ISO PDF spec is getting Brotli – ~20 % smaller documents with no quality loss
Origin and Motivation of Brotli-in-PDF
- One view: a commercial vendor is “paying to legalize” an SDK incompatible with existing readers, enabled by ISO’s “pay to play” structure.
- Counterpoint: others state the feature originates from the PDF Association technical working group, not a specific vendor, and that open-source engines (MuPDF, Ghostscript) have added experimental support to aid interoperability testing.
- Some readers find the article’s tone and slogans (“files ahead of their time”) salesy or AI-generated, which increases skepticism.
Choice of Brotli vs Alternatives (zstd, gzip, xz, lzma2)
- Many argue zstd would be a better fit for a read-mostly format: similar or slightly worse compression than Brotli, but much faster decompression.
- Benchmarks in the thread show:
- Brotli typically compresses PDFs a bit better (≈1–4% smaller) than zstd at their highest levels.
- zstd decompresses substantially faster; gzip is fastest but with worse ratios; xz/lzma2 compress well but decompress very slowly.
- Some commenters claim zstd is “Pareto better,” others correct this as untrue at maximum-compression settings.
- A few see Brotli’s Google origin as a soft political factor; others dismiss conspiracy framing and note both Brotli and zstd are now widely available.
Custom Dictionaries and Long-Term Design
- Question raised: why use Brotli’s built‑in web‑corpus dictionary (with 2015 HTML/swear-word biases) for PDFs at all?
- Concerns:
- Symbol statistics in PDFs differ from web pages.
- Baking that dictionary into a long‑lived archival format ties future readers to a dated corpus.
- PDF Association is reportedly still experimenting with custom dictionaries; one commenter expects only modest extra gains (~1%) except in very small or per-page-restarted streams.
Backward Compatibility and Deployment Risk
- Strong criticism that this is a breaking change: older readers supporting only Deflate cannot open Brotli-compressed PDFs.
- This is seen as contradicting the PDF Association’s stated principle that new features must “work seamlessly with existing readers.”
- Some note that many devices and embedded viewers cannot be updated, eroding one of PDF’s core strengths (reliable universal readability).
- Several argue that saving ~20% file size is not worth years of fragmented compatibility and that tools should wait until Brotli support is ubiquitous in major renderers.
Compression-in-Format vs Transport/Filesystem
- Some question the point of embedding a general-purpose compressor when:
- Filesystems can already compress (often with zstd/lz4).
- HTTP can already apply Brotli/zstd via
Content-Encoding.
- Others reply that in-PDF filters allow:
- Different methods per stream (e.g., JPEG for images, Brotli for text).
- Page-level access without decompressing the entire file.
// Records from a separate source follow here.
definition mult_locally_open_at ::
  "(real \<Rightarrow> complex) set \<Rightarrow> ((real \<Rightarrow> complex) \<Rightarrow> real) \<Rightarrow> (real \<Rightarrow> complex) \<Rightarrow> (real \<Rightarrow> complex) \<Rightarrow> bool" where
  "mult_locally_open_at A N a b \<longleftrightarrow>
     (\<forall>\<epsilon>>0. \<exists>\<delta>>0. \<forall>u\<in>A. N (\<lambda>x. u x - a x * b x) < \<delta> \<longrightarrow>
        (\<exists>f\<in>A. \<exists>g\<in>A. u = (\<lambda>x. f x * g x) \<and>
           N (\<lambda>x. f x - a x) < \<epsilon> \<and> N (\<lambda>x. g x - b x) < \<epsilon>))"

end

theory Submission
  imports Defs
begin

text \<open>Put \<open>h = F \<cdot> cnj F + G \<cdot> cnj G = |F|\<^sup>2 + |G|\<^sup>2\<close>; joint nondegeneracy bounds \<open>h\<close> below
  on [0,1], so \<open>r = 1/h\<close> lies in the algebra by inverse closedness, and conjugates lie in it by
  symmetry. Look for the factors in the form \<open>f = F + cnj G \<cdot> s\<close>, \<open>g = G + cnj F \<cdot> s\<close>. Then
  \<open>f g = F G + h s + cnj F \<cdot> cnj G \<cdot> s\<^sup>2\<close>, so \<open>f g = u\<close> becomes the quadratic equation
  \<open>s = r (u - F G) - r \<cdot> cnj F \<cdot> cnj G \<cdot> s\<^sup>2\<close>. If \<open>u\<close> is close to \<open>F G\<close>, its right-hand side is a
  contraction of a small closed ball of the (complete) algebra, and Banach's fixed point theorem
  gives a small solution \<open>s\<close>; then \<open>f\<close> and \<open>g\<close> are close to \<open>F\<close> and \<open>G\<close>.\<close>

lemma corona_factorization:
  fixes F G a b r s w :: "'a :: field"
  assumes "r * (F * a + G * b) = 1" and "s = r * w - r * (a * b) * (s * s)"
  shows "(F + b * s) * (G + a * s) = F * G + w"
proof -
  have "(F * a + G * b) * s = (F * a + G * b) * (r * w - r * (a * b) * (s * s))"
    using assms(2) by simp
  also have "\<dots> = (r * (F * a + G * b)) * w - (r * (F * a + G * b)) * (a * b * (s * s))"
    by (simp add: algebra_simps)
  finally have "(F * a + G * b) * s = w - a * b * (s * s)"
    using assms(1) by simp
  then show ?thesis
    by (simp add: algebra_simps)
qed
Broader Reflections on PDF Evolution
- Several see this as another instance of PDF accreting complexity (like XFA, JavaScript), undermining the “always opens the same” promise.
- Others note that PDF has always evolved via versioned, sometimes breaking changes, albeit slowly and conservatively.
- Some would prefer more impactful “breaking” additions, such as native JPEG XL image support, since images often dominate PDF size.